(* Let $n\ge1$, $k\ge1$, and $\gamma=((i_1\,j_1),\dots,(i_k\,j_k))\in\Sigma^*_n(k)$. Then: 1. The sequence $(j_1,\dots,j_k)$ has pairwise distinct terms. 2. For all $l\in\{1,\dots,k\}$, $j_l$ is a fixed point of $\gamma_{l-1}$. 3. For all $l\in\{1,\dots,k\}$, $\gamma_l$ is obtained from $\gamma_{l-1}$ by inserting $j_l$ into the cycle of $i_l$ immediately after $i_l$; that is, $\gamma_l(i_l)=j_l$, $\gamma_l(j_l)=\gamma_{l-1}(i_l)$, and $\gamma_l(x)=\gamma_{l-1}(x)$ for $x\notin\{i_l,j_l\}$. 4. For all $m\in\{1,\dots,k\}$, the support of $\gamma_m$ equals $\bigcup_{l=1}^m\{i_l,j_l\}$.
   Context: Let $n\ge1$. $\mathfrak S_n$ is the symmetric group on $\{1,\dots,n\}$; products of permutations are composed from right to left, i.e. $(\sigma\pi)(x)=\sigma(\pi(x))$. $\mathsf T_n$ denotes the set of transpositions; a transposition is always written $(i\,j)$ with $i<j$. For $\sigma\in\mathfrak S_n$, $\ell(\sigma)$ is the number of cycles of $\sigma$ (fixed points counted) and $|\sigma|=n-\ell(\sigma)$. Write $\sigma_1\preccurlyeq\sigma_2$ iff $|\sigma_2|=|\sigma_1|+|\sigma_1^{-1}\sigma_2|$. For $k\ge0$, $\Sigma_n(k)=\{(\tau_1,\dots,\tau_k)\in(\mathsf T_n)^k : |\tau_1\cdots\tau_k|=k,\ \tau_1\cdots\tau_k\preccurlyeq(1\,2\,\dots\,n)\}$, and $\Sigma^*_n(k)$ is the subset of those $((i_1\,j_1),\dots,(i_k\,j_k))\in\Sigma_n(k)$ with $i_1\le i_2\le\dots\le i_k$. For $\gamma=(\tau_1,\dots,\tau_k)$, $\gamma_l=\tau_1\cdots\tau_l$ for $0\le l\le k$ ($\gamma_0=\mathrm{id}$). The support of a permutation is its set of non-fixed points. *)

theory Defs
  imports "HOL-Combinatorics.Transposition"
begin

(* Permutations of {1..n} are functions nat => nat that permute {1..n}
   (identity outside). Products compose right to left: sigma*pi = sigma o pi. *)

definition cyc :: "nat \<Rightarrow> (nat \<Rightarrow> nat) \<Rightarrow> nat \<Rightarrow> nat set" where
  "cyc n \<sigma> x = {y \<in> {1..n}. \<exists>m. (\<sigma> ^^ m) x = y}"

definition ncycles :: "nat \<Rightarrow> (nat \<Rightarrow> nat) \<Rightarrow> nat" where
  "ncycles n \<sigma> = card (cyc n \<sigma> ` {1..n})"

definition plen :: "nat \<Rightarrow> (nat \<Rightarrow> nat) \<Rightarrow> nat" where
  "plen n \<sigma> = n - ncycles n \<sigma>"

definition ple :: "nat \<Rightarrow> (nat \<Rightarrow> nat) \<Rightarrow> (nat \<Rightarrow> nat) \<Rightarrow> bool" where
  "ple n \<sigma>1 \<sigma>2 \<longleftrightarrow> plen n \<sigma>2 = plen n \<sigma>1 + plen n (inv \<sigma>1 \<circ> \<sigma>2)"

definition longcyc :: "nat \<Rightarrow> nat \<Rightarrow> nat" where
  "longcyc n x = (if 1 \<le> x \<and> x < n then x + 1 else if x = n \<and> 1 \<le> n then 1 else x)"

definition is_transp :: "nat \<Rightarrow> nat \<times> nat \<Rightarrow> bool" where
  "is_transp n t \<longleftrightarrow> 1 \<le> fst t \<and> fst t < snd t \<and> snd t \<le> n"

definition tprod :: "(nat \<times> nat) list \<Rightarrow> nat \<Rightarrow> nat" where
  "tprod ts = foldr (\<lambda>t acc. transpose (fst t) (snd t) \<circ> acc) ts id"

definition gam :: "(nat \<times> nat) list \<Rightarrow> nat \<Rightarrow> nat \<Rightarrow> nat" where
  "gam ts l = tprod (take l ts)"

definition Sigma_n :: "nat \<Rightarrow> nat \<Rightarrow> (nat \<times> nat) list set" where
  "Sigma_n n k = {ts. length ts = k \<and> (\<forall>t \<in> set ts. is_transp n t)
      \<and> plen n (tprod ts) = k \<and> ple n (tprod ts) (longcyc n)}"

definition Sigma_star :: "nat \<Rightarrow> nat \<Rightarrow> (nat \<times> nat) list set" where
  "Sigma_star n k = {ts \<in> Sigma_n n k. sorted (map fst ts)}"

end

theory Submission
  imports Defs "HOL-Combinatorics.Combinatorics"
begin

(* Right multiplication by a transposition (a b) merges the cycles of a and b when they
   differ and splits their common cycle otherwise; so |.| is subadditive and, along the
   geodesic from id to c = (1 ... n), every step must merge two cycles of gamma_(l-1) and
   split a cycle of the Kreweras complement gamma_(l-1)^-1 c.

   The combinatorial core uses two invariants of the prefix products gamma_l: they are
   non-crossing (the arc between u and gamma_l(u) is gamma_l-invariant), and every
   non-trivial cycle contains a point <= i_l.  Together with the sortedness i_l <= i_(l+1)
   they force j_(l+1) to be a fixed point of gamma_l (insertion_point_fixed), and both
   invariants are preserved by the insertion. *)

definition reach :: "('a \<Rightarrow> 'a) \<Rightarrow> 'a \<Rightarrow> 'a \<Rightarrow> bool" where
  "reach f x y \<longleftrightarrow> (\<exists>m. (f ^^ m) x = y)"

lemma reach_refl [simp]: "reach f x x"
  unfolding reach_def by (metis funpow_0)

lemma reach_step: "reach f x y \<Longrightarrow> reach f x (f y)"
  unfolding reach_def by (metis comp_apply funpow.simps(2))

lemma reach_trans: "reach f x y \<Longrightarrow> reach f y z \<Longrightarrow> reach f x z"
  unfolding reach_def by (metis funpow_add comp_apply)

lemma reach_in:
  assumes "\<sigma> permutes S" "x \<in> S" "reach \<sigma> x y"
  shows "y \<in> S"
proof -
  have "(\<sigma> ^^ m) x \<in> S" for m
  proof (induction m)
    case (Suc m)
    then show ?case using permutes_in_image[OF assms(1)] by simp
  qed (use assms(2) in simp)
  then show ?thesis using assms(3) unfolding reach_def by blast
qed

lemma funpow_fixpoint: "f x = x \<Longrightarrow> (f ^^ m) x = x"
  by (induction m) auto

(* For a permutation of a finite set every point returns to itself, so reach is symmetric. *)
lemma reach_sym:
  assumes "\<sigma> permutes S" "finite S" "reach \<sigma> x y"
  shows "reach \<sigma> y x"
proof -
  obtain m where m: "(\<sigma> ^^ m) x = y" using assms(3) unfolding reach_def by blast
  have "permutation \<sigma>" using permutes_imp_permutation[OF assms(2,1)] .
  then obtain p where p: "p > 0" "(\<sigma> ^^ p) x = x" by (rule permutation_self)
  have period: "(\<sigma> ^^ (p * r)) x = x" for r
    using p(2) by (induction r) (auto simp: funpow_add)
  have "(\<sigma> ^^ ((p - 1) * m)) y = (\<sigma> ^^ ((p - 1) * m + m)) x"
    by (simp add: funpow_add m[symmetric])
  also have "(p - 1) * m + m = p * m" using p(1) by (cases p) auto
  also have "(\<sigma> ^^ (p * m)) x = x" by (rule period)
  finally show ?thesis unfolding reach_def by blast
qed

lemma cyc_reach: "cyc n \<sigma> x = {y \<in> {1..n}. reach \<sigma> x y}"
  by (simp add: cyc_def reach_def)

lemma cyc_self: "x \<in> {1..n} \<Longrightarrow> x \<in> cyc n \<sigma> x"
  by (simp add: cyc_reach)

lemma cyc_eq_iff:
  assumes P: "\<sigma> permutes {1..n}" and x: "x \<in> {1..n}"
  shows "cyc n \<sigma> x = cyc n \<sigma> y \<longleftrightarrow> reach \<sigma> y x"
proof
  assume "cyc n \<sigma> x = cyc n \<sigma> y"
  then show "reach \<sigma> y x" using cyc_self[OF x, of \<sigma>] by (simp add: cyc_reach)
next
  assume yx: "reach \<sigma> y x"
  then have "reach \<sigma> x y" using reach_sym[OF P] by blast
  then show "cyc n \<sigma> x = cyc n \<sigma> y" using yx by (auto simp: cyc_reach intro: reach_trans)
qed

lemma cyc_of_member:
  assumes P: "\<sigma> permutes {1..n}" and y: "y \<in> cyc n \<sigma> z"
  shows "cyc n \<sigma> y = cyc n \<sigma> z"
  using y cyc_eq_iff[OF P, of y z] by (simp add: cyc_reach)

────────────────────

◆ Problem to work on: Your answer should be all lines from the data that contain "thesis".

◆ Response area:
  then show ?thesis using assms(3) unfolding reach_def by blast
  finally show ?thesis unfolding reach_def by blast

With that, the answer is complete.